## About this exercise
Reproduce all entries precisely, down to the last character.

## Excerpted data
▼

(* Let $p\in(0,1)$ and let $Y_1,Y_2,\dots$ be i.i.d. with $Y_i=1-\mathrm{Geo}(p)$. Let $f(x)=(2-x)^{2-x}p(1-p)^{1-x}(1-x)^{x-1}$ for $x\le1$ (with $0^0=1$). (a) There is an absolute constant $C$ such that for every $a\in[2-p^{-1},1]$ and every positive integer $m$, $\Pr[Y_1+\dots+Y_m\ge am]\le Cmf(a)^m$. (b) As $m\to\infty$, uniformly for all $a\in[0,1]$, $\Pr[Y_1+\dots+Y_m\ge am]\ge[f(a)-o(1)]^m$. (c) If $p\ge1/2$, then as $m\to\infty$, uniformly for all $a\in[0,2-\frac1p]$, $\Pr[Y_1+\dots+Y_m\ge am]\ge[1-o(1)]^m$.
   Context: $\mathrm{Geo}(p)$ has $\Pr[\mathrm{Geo}(p)=k]=(1-p)^kp$ for integers $k\ge0$. *)

theory Defs
  imports "HOL-Probability.Probability"
begin

definition Y_pmf :: "real \<Rightarrow> real pmf" where
  "Y_pmf p = map_pmf (\<lambda>k. 1 - real k) (geometric_pmf p)"

fun Ysum_pmf :: "real \<Rightarrow> nat \<Rightarrow> real pmf" where
  "Ysum_pmf p 0 = return_pmf 0"
| "Ysum_pmf p (Suc m) =
     bind_pmf (Y_pmf p) (\<lambda>y. bind_pmf (Ysum_pmf p m) (\<lambda>s. return_pmf (y + s)))"

definition pow0 :: "real \<Rightarrow> real \<Rightarrow> real" where
  "pow0 b e = (if b = 0 then (if e = 0 then 1 else 0) else b powr e)"

definition f13 :: "real \<Rightarrow> real \<Rightarrow> real" where
  "f13 p x = pow0 (2 - x) (2 - x) * p * pow0 (1 - p) (1 - x) * pow0 (1 - x) (x - 1)"

end

theory Submission
  imports Defs "HOL-Real_Asymp.Real_Asymp"
begin

text \<open>
  A sum of \<open>m\<close> independent \<open>Geo(p)\<close> variables is negative binomial, so \<open>Y\<^sub>1 + \<dots> + Y\<^sub>m = m - N\<close>
  with \<open>N \<sim> NB(m, p)\<close>, and the event is \<open>N \<le> b m\<close> for \<open>b = 1 - a\<close>. In terms of \<open>b\<close>,
  \<open>f(1 - b) = p (1 + b) ((1 - p)(1 + b) / b)\<^sup>b\<close>.

  Upper bound: \<open>Pr[NB(m, p) = k] = (p / (1 - q))\<^sup>m ((1 - p) / q)\<^sup>k Pr[NB(m, 1 - q) = k]\<close>, and for
  \<open>q = b / (1 + b)\<close> the factor \<open>(1 - p) / q\<close> is at least 1 exactly when \<open>a \<ge> 2 - 1/p\<close>. Bounding it
  by its value at \<open>k = b m\<close> is a Chernoff bound giving \<open>Pr[N \<le> b m] \<le> f(a)\<^sup>m\<close>, so \<open>C = 1\<close> works.

  Lower bound: the single atom \<open>K = \<lfloor>b m\<rfloor>\<close> has mass at least \<open>f(a)\<^sup>m / (12 e\<^sup>2 m\<^sup>2)\<close>, because the
  central term \<open>C(K + m, K) K\<^sup>K m\<^sup>m\<close> is the largest of the \<open>K + m + 1\<close> terms of the binomial expansion
  of \<open>(K + m)\<^bsup>K + m\<^esup>\<close>; as \<open>f\<close> is bounded on \<open>[0, 1]\<close>, this polynomial loss is \<open>(1 - o(1))\<^sup>m\<close>
  uniformly in \<open>a\<close>. Part (c) is (b) at the mean \<open>a = 2 - 1/p\<close> of \<open>Y\<close>, where \<open>f(a) = 1\<close>.
\<close>

lemma Ysum_pmf_eq_map_neg_binomial:
  "Ysum_pmf p m = map_pmf (\<lambda>k. real m - real k) (neg_binomial_pmf m p)"
proof (induction m)
  case (Suc m)
  show ?case
    unfolding Ysum_pmf.simps Suc neg_binomial_pmf_Suc Y_pmf_def
    by (simp add: pair_pmf_def map_pmf_def bind_assoc_pmf bind_return_pmf algebra_simps)
qed simp

lemma prob_Ysum_ge_eq_neg_binomial_atMost:
  assumes "a \<le> 1"
  shows "measure_pmf.prob (Ysum_pmf p m) {s. s \<ge> a * real m}
           = measure_pmf.prob (neg_binomial_pmf m p) {..nat \<lfloor>(1 - a) * real m\<rfloor>}"
proof -
  have "0 \<le> (1 - a) * real m" using assms by simp
  then have "real k \<le> (1 - a) * real m \<longleftrightarrow> k \<le> nat \<lfloor>(1 - a) * real m\<rfloor>" for k
    by (meson le_nat_floor of_nat_floor of_nat_mono order.trans)
  then have "{k. real m - real k \<ge> a * real m} = {..nat \<lfloor>(1 - a) * real m\<rfloor>}"
    by (auto simp: algebra_simps)
  then show ?thesis
    unfolding Ysum_pmf_eq_map_neg_binomial measure_map_pmf vimage_def by simp
qed

lemma exp_neg_one_le_powr_self:
  fixes x :: real assumes "0 < x" shows "exp (- 1) \<le> x powr x"
proof -
  have "ln (1 / x) \<le> 1 / x - 1" using assms by (intro ln_le_minus_one) simp
  then have "x * (- ln x) \<le> x * (1 / x - 1)" using assms by (intro mult_left_mono) (auto simp: ln_div)
  then have "- 1 \<le> x * ln x" using assms by (simp add: algebra_simps)
  then show ?thesis using assms by (simp add: powr_def)
qed

lemma nat_floor_power_self_le:
  fixes x :: real assumes "0 < x"
  shows "real (nat \<lfloor>x\<rfloor>) ^ nat \<lfloor>x\<rfloor> \<le> exp 1 * x powr x"
proof (cases "nat \<lfloor>x\<rfloor> = 0")
  case True
  have "exp 1 * exp (- 1) \<le> exp 1 * x powr x"
    using exp_neg_one_le_powr_self[OF assms] by simp
  then show ?thesis using True by (simp add: exp_minus)
next
  case False
  define K where "K = nat \<lfloor>x\<rfloor>"
  have K: "1 \<le> real K" "real K \<le> x" using False assms by (auto simp: K_def of_nat_floor)
  have "real K ^ K = real K powr real K" using K by (simp add: powr_realpow)
  also have "\<dots> \<le> x powr x" using K by (intro powr_mono_both) auto
  also have "\<dots> \<le> exp 1 * x powr x" by (simp add: mult_le_cancel_right1)
  finally show ?thesis unfolding K_def .
qed

lemma one_plus_inverse_powr_le_exp_1:
  fixes u :: real assumes "0 < u" shows "(1 + 1 / u) powr u \<le> exp 1"
proof -
  have "0 < 1 + 1 / u" using assms by (simp add: add_pos_nonneg)
  then have "(1 + 1 / u) powr u = exp (u * ln (1 + 1 / u))" by (simp add: powr_def)
  also have "\<dots> \<le> exp 1"
    using assms ln_add_one_self_le_self[of "1 / u"] mult_left_mono[of "ln (1 + 1 / u)" "1 / u" u]
    by simp
  finally show ?thesis .
qed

▲

## Solution to this exercise
(* Let $p\in(0,1)$ and let $Y_1,Y_2,\dots$ be i.i.d. with $Y_i=1-\mathrm{Geo}(p)$. Let $f(x)=(2-x)^{2-x}p(1-p)^{1-x}(1-x)^{x-1}$ for $x\le1$ (with $0^0=1$). (a) There is an absolute constant $C$ such that for every $a\in[2-p^{-1},1]$ and every positive integer $m$, $\Pr[Y_1+\dots+Y_m\ge am]\le Cmf(a)^m$. (b) As $m\to\infty$, uniformly for all $a\in[0,1]$, $\Pr[Y_1+\dots+Y_m\ge am]\ge[f(a)-o(1)]^m$. (c) If $p\ge1/2$, then as $m\to\infty$, uniformly for all $a\in[0,2-\frac1p]$, $\Pr[Y_1+\dots+Y_m\ge am]\ge[1-o(1)]^m$.
   Context: $\mathrm{Geo}(p)$ has $\Pr[\mathrm{Geo}(p)=k]=(1-p)^kp$ for integers $k\ge0$. *)

theory Defs
  imports "HOL-Probability.Probability"
begin

definition Y_pmf :: "real \<Rightarrow> real pmf" where
  "Y_pmf p = map_pmf (\<lambda>k. 1 - real k) (geometric_pmf p)"

fun Ysum_pmf :: "real \<Rightarrow> nat \<Rightarrow> real pmf" where
  "Ysum_pmf p 0 = return_pmf 0"
| "Ysum_pmf p (Suc m) =
     bind_pmf (Y_pmf p) (\<lambda>y. bind_pmf (Ysum_pmf p m) (\<lambda>s. return_pmf (y + s)))"

definition pow0 :: "real \<Rightarrow> real \<Rightarrow> real" where
  "pow0 b e = (if b = 0 then (if e = 0 then 1 else 0) else b powr e)"

definition f13 :: "real \<Rightarrow> real \<Rightarrow> real" where
  "f13 p x = pow0 (2 - x) (2 - x) * p * pow0 (1 - p) (1 - x) * pow0 (1 - x) (x - 1)"

end

theory Submission
  imports Defs "HOL-Real_Asymp.Real_Asymp"
begin

text \<open>
  A sum of \<open>m\<close> independent \<open>Geo(p)\<close> variables is negative binomial, so \<open>Y\<^sub>1 + \<dots> + Y\<^sub>m = m - N\<close>
  with \<open>N \<sim> NB(m, p)\<close>, and the event is \<open>N \<le> b m\<close> for \<open>b = 1 - a\<close>. In terms of \<open>b\<close>,
  \<open>f(1 - b) = p (1 + b) ((1 - p)(1 + b) / b)\<^sup>b\<close>.

  Upper bound: \<open>Pr[NB(m, p) = k] = (p / (1 - q))\<^sup>m ((1 - p) / q)\<^sup>k Pr[NB(m, 1 - q) = k]\<close>, and for
  \<open>q = b / (1 + b)\<close> the factor \<open>(1 - p) / q\<close> is at least 1 exactly when \<open>a \<ge> 2 - 1/p\<close>. Bounding it
  by its value at \<open>k = b m\<close> is a Chernoff bound giving \<open>Pr[N \<le> b m] \<le> f(a)\<^sup>m\<close>, so \<open>C = 1\<close> works.

  Lower bound: the single atom \<open>K = \<lfloor>b m\<rfloor>\<close> has mass at least \<open>f(a)\<^sup>m / (12 e\<^sup>2 m\<^sup>2)\<close>, because the
  central term \<open>C(K + m, K) K\<^sup>K m\<^sup>m\<close> is the largest of the \<open>K + m + 1\<close> terms of the binomial expansion
  of \<open>(K + m)\<^bsup>K + m\<^esup>\<close>; as \<open>f\<close> is bounded on \<open>[0, 1]\<close>, this polynomial loss is \<open>(1 - o(1))\<^sup>m\<close>
  uniformly in \<open>a\<close>. Part (c) is (b) at the mean \<open>a = 2 - 1/p\<close> of \<open>Y\<close>, where \<open>f(a) = 1\<close>.
\<close>

lemma Ysum_pmf_eq_map_neg_binomial:
  "Ysum_pmf p m = map_pmf (\<lambda>k. real m - real k) (neg_binomial_pmf m p)"
proof (induction m)
  case (Suc m)
  show ?case
    unfolding Ysum_pmf.simps Suc neg_binomial_pmf_Suc Y_pmf_def
    by (simp add: pair_pmf_def map_pmf_def bind_assoc_pmf bind_return_pmf algebra_simps)
qed simp

lemma prob_Ysum_ge_eq_neg_binomial_atMost:
  assumes "a \<le> 1"
  shows "measure_pmf.prob (Ysum_pmf p m) {s. s \<ge> a * real m}
           = measure_pmf.prob (neg_binomial_pmf m p) {..nat \<lfloor>(1 - a) * real m\<rfloor>}"
proof -
  have "0 \<le> (1 - a) * real m" using assms by simp
  then have "real k \<le> (1 - a) * real m \<longleftrightarrow> k \<le> nat \<lfloor>(1 - a) * real m\<rfloor>" for k
    by (meson le_nat_floor of_nat_floor of_nat_mono order.trans)
  then have "{k. real m - real k \<ge> a * real m} = {..nat \<lfloor>(1 - a) * real m\<rfloor>}"
    by (auto simp: algebra_simps)
  then show ?thesis
    unfolding Ysum_pmf_eq_map_neg_binomial measure_map_pmf vimage_def by simp
qed

lemma exp_neg_one_le_powr_self:
  fixes x :: real assumes "0 < x" shows "exp (- 1) \<le> x powr x"
proof -
  have "ln (1 / x) \<le> 1 / x - 1" using assms by (intro ln_le_minus_one) simp
  then have "x * (- ln x) \<le> x * (1 / x - 1)" using assms by (intro mult_left_mono) (auto simp: ln_div)
  then have "- 1 \<le> x * ln x" using assms by (simp add: algebra_simps)
  then show ?thesis using assms by (simp add: powr_def)
qed

lemma nat_floor_power_self_le:
  fixes x :: real assumes "0 < x"
  shows "real (nat \<lfloor>x\<rfloor>) ^ nat \<lfloor>x\<rfloor> \<le> exp 1 * x powr x"
proof (cases "nat \<lfloor>x\<rfloor> = 0")
  case True
  have "exp 1 * exp (- 1) \<le> exp 1 * x powr x"
    using exp_neg_one_le_powr_self[OF assms] by simp
  then show ?thesis using True by (simp add: exp_minus)
next
  case False
  define K where "K = nat \<lfloor>x\<rfloor>"
  have K: "1 \<le> real K" "real K \<le> x" using False assms by (auto simp: K_def of_nat_floor)
  have "real K ^ K = real K powr real K" using K by (simp add: powr_realpow)
  also have "\<dots> \<le> x powr x" using K by (intro powr_mono_both) auto
  also have "\<dots> \<le> exp 1 * x powr x" by (simp add: mult_le_cancel_right1)
  finally show ?thesis unfolding K_def .
qed

lemma one_plus_inverse_powr_le_exp_1:
  fixes u :: real assumes "0 < u" shows "(1 + 1 / u) powr u \<le> exp 1"
proof -
  have "0 < 1 + 1 / u" using assms by (simp add: add_pos_nonneg)
  then have "(1 + 1 / u) powr u = exp (u * ln (1 + 1 / u))" by (simp add: powr_def)
  also have "\<dots> \<le> exp 1"
    using assms ln_add_one_self_le_self[of "1 / u"] mult_left_mono[of "ln (1 + 1 / u)" "1 / u" u]
    by simp
  finally show ?thesis .
qed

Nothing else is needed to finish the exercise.